Gastromasa sadece İstanbul’un değil, Londra’nın da ev sahipliği yapacağı uluslararası bir gastronomi zirvesine dönüştü. Dünyanın en önemli şeflerini, gastronomi yazarlarını, yatırımcılarını ağırlayan bu etkinlik, Türkiye’yi bir mutfak destinasyonu olarak konumlandırdı.
Ve evet, bu yıldızlar geçidi sadece restoran sahiplerini değil, aynı zamanda Michelin ve Gault&Millau gibi devleri de cezbetti.
Türkiye, Michelin yıldızlarına yeni yeni alışırken, Gökmen Sözen bir adım daha ileri giderek Gault&Millau’yu da ülkeye taşıdı. Fransa kökenli bu rehber, lezzeti sadece tabaktaki yemekle değil, ağırlama sanatıyla da ölçen bir sistem.
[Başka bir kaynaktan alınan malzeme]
(* Assume $\sum_{j=1}^\infty\beta_j^2<\infty$ and $|\rho|<1$, and for $k=1,\dots,p$ let $\theta_k^{(p)}=\sum_{j=1}^p\beta_j\rho^{|k-j|}$. Then, as $p\to\infty$, $$\Big|\sum_{i,j,k=1}^p\big(\rho^{|i-j|}+\theta_i^{(p)}\theta_j^{(p)}\big)\big(\rho^{|i-k|}+\theta_i^{(p)}\theta_k^{(p)}\big)\big(\rho^{|k-j|}+\theta_k^{(p)}\theta_j^{(p)}\big)\Big|=o(p^{3/2}).$$ *)

theory Defs
  imports "HOL-Analysis.Analysis" "HOL-Library.Landau_Symbols"
begin

definition theta :: "(nat \<Rightarrow> real) \<Rightarrow> real \<Rightarrow> nat \<Rightarrow> nat \<Rightarrow> real" where
  "theta \<beta> \<rho> p k = (\<Sum>j=1..p. \<beta> j * \<rho> ^ nat \<bar>int k - int j\<bar>)"

definition tripleSum :: "(nat \<Rightarrow> real) \<Rightarrow> real \<Rightarrow> nat \<Rightarrow> real" where
  "tripleSum \<beta> \<rho> p = (\<Sum>i=1..p. \<Sum>j=1..p. \<Sum>k=1..p.
     (\<rho> ^ nat \<bar>int i - int j\<bar> + theta \<beta> \<rho> p i * theta \<beta> \<rho> p j) *
     (\<rho> ^ nat \<bar>int i - int k\<bar> + theta \<beta> \<rho> p i * theta \<beta> \<rho> p k) *
     (\<rho> ^ nat \<bar>int k - int j\<bar> + theta \<beta> \<rho> p k * theta \<beta> \<rho> p j))"

end

theory Submission
  imports Defs "HOL-Real_Asymp.Real_Asymp"
begin

text \<open>Write \<open>W i j = \<rho> ^ |i - j|\<close> and \<open>u = \<theta>\<close>. The summand is built from the entries of the
  rank-one update \<open>M = W + u u\<^sup>T\<close>, so the triple sum is \<open>tr (M ^ 3)\<close>, and expanding the cube gives
  \<open>tr (W ^ 3) + 3 |W u|\<^sup>2 + 3 |u|\<^sup>2 (u\<^sup>T W u) + |u| ^ 6\<close>. The entries of \<open>W\<close> are at most 1 and
  its absolute row sums at most \<open>2 / (1 - |\<rho>|)\<close>, so \<open>|tr (W ^ 3)| = O(p)\<close>; by the Schur test
  \<open>|\<theta>| = |W \<beta>| \<le> 2 |\<beta>| / (1 - |\<rho>|)\<close> stays bounded, so the other three terms are \<open>O(1)\<close>.
  Thus the sum is even \<open>O(p)\<close>.\<close>

lemma weighted_Cauchy_Schwarz_sum:
  fixes v x :: "'a \<Rightarrow> real"
  assumes "\<And>j. j \<in> I \<Longrightarrow> 0 \<le> v j"
  shows "(\<Sum>j\<in>I. v j * x j)\<^sup>2 \<le> (\<Sum>j\<in>I. v j) * (\<Sum>j\<in>I. v j * (x j)\<^sup>2)"
proof -
  have "(\<Sum>j\<in>I. sqrt (v j) * (sqrt (v j) * x j))\<^sup>2
      \<le> (\<Sum>j\<in>I. (sqrt (v j))\<^sup>2) * (\<Sum>j\<in>I. (sqrt (v j) * x j)\<^sup>2)"
    by (rule Cauchy_Schwarz_ineq_sum)
  moreover have "sqrt (v j) * (sqrt (v j) * x j) = v j * x j" "(sqrt (v j))\<^sup>2 = v j"
    "(sqrt (v j) * x j)\<^sup>2 = v j * (x j)\<^sup>2" if "j \<in> I" for j
    using assms[OF that] by (auto simp: power_mult_distrib mult.assoc[symmetric])
  ultimately show ?thesis by simp
qed

lemma sum_matrix_vector_square_le:
  fixes w :: "'a \<Rightarrow> 'a \<Rightarrow> real" and x :: "'a \<Rightarrow> real"
  assumes rows: "\<And>i. i \<in> I \<Longrightarrow> (\<Sum>j\<in>I. \<bar>w i j\<bar>) \<le> c"
    and cols: "\<And>j. j \<in> I \<Longrightarrow> (\<Sum>i\<in>I. \<bar>w i j\<bar>) \<le> c"
    and "0 \<le> c"
  shows "(\<Sum>i\<in>I. (\<Sum>j\<in>I. w i j * x j)\<^sup>2) \<le> c\<^sup>2 * (\<Sum>j\<in>I. (x j)\<^sup>2)"
proof -
  have "(\<Sum>j\<in>I. w i j * x j)\<^sup>2 \<le> c * (\<Sum>j\<in>I. \<bar>w i j\<bar> * (x j)\<^sup>2)" if "i \<in> I" for i
  proof -
    have "\<bar>\<Sum>j\<in>I. w i j * x j\<bar> \<le> (\<Sum>j\<in>I. \<bar>w i j\<bar> * \<bar>x j\<bar>)"
      by (rule order.trans[OF sum_abs]) (simp add: abs_mult)
    then have "(\<Sum>j\<in>I. w i j * x j)\<^sup>2 \<le> (\<Sum>j\<in>I. \<bar>w i j\<bar> * \<bar>x j\<bar>)\<^sup>2"
      by (metis abs_ge_zero power2_abs power_mono)
    also have "\<dots> \<le> (\<Sum>j\<in>I. \<bar>w i j\<bar>) * (\<Sum>j\<in>I. \<bar>w i j\<bar> * (x j)\<^sup>2)"
      using weighted_Cauchy_Schwarz_sum[of I "\<lambda>j. \<bar>w i j\<bar>" "\<lambda>j. \<bar>x j\<bar>"] by simp
    also have "\<dots> \<le> c * (\<Sum>j\<in>I. \<bar>w i j\<bar> * (x j)\<^sup>2)"
      by (rule mult_right_mono) (auto intro: rows[OF that] sum_nonneg)
    finally show ?thesis .
  qed
  then have "(\<Sum>i\<in>I. (\<Sum>j\<in>I. w i j * x j)\<^sup>2) \<le> c * (\<Sum>i\<in>I. \<Sum>j\<in>I. \<bar>w i j\<bar> * (x j)\<^sup>2)"
    by (auto intro: sum_mono simp: sum_distrib_left)
  also have "(\<Sum>i\<in>I. \<Sum>j\<in>I. \<bar>w i j\<bar> * (x j)\<^sup>2) = (\<Sum>j\<in>I. (x j)\<^sup>2 * (\<Sum>i\<in>I. \<bar>w i j\<bar>))"
    by (subst sum.swap) (simp add: sum_distrib_left mult.commute)
  also have "\<dots> \<le> (\<Sum>j\<in>I. (x j)\<^sup>2 * c)"
    by (intro sum_mono mult_left_mono cols) auto
  also have "c * (\<Sum>j\<in>I. (x j)\<^sup>2 * c) = c\<^sup>2 * (\<Sum>j\<in>I. (x j)\<^sup>2)"
    by (simp add: sum_distrib_right[symmetric] power2_eq_square)
  finally show ?thesis
    using \<open>0 \<le> c\<close> by (simp add: mult_left_mono)
qed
Restoranları, fine dining’den sokak lezzetlerine kadar geniş bir perspektifle değerlendiriyor.
Ve şimdi… Antalya, İzmir, İstanbul, Gaziantep gibi gastronomik potansiyeli yüksek şehirler, Gault&Millau’nun sarı sayfalarında kendine yer bulacak. Peki, bu ne anlama geliyor? Şu: Türkiye artık sadece kebapla, dönerle anılan bir mutfak olmaktan çıkıp, fine dining sahnesinde de iddialı olduğunu gösteriyor.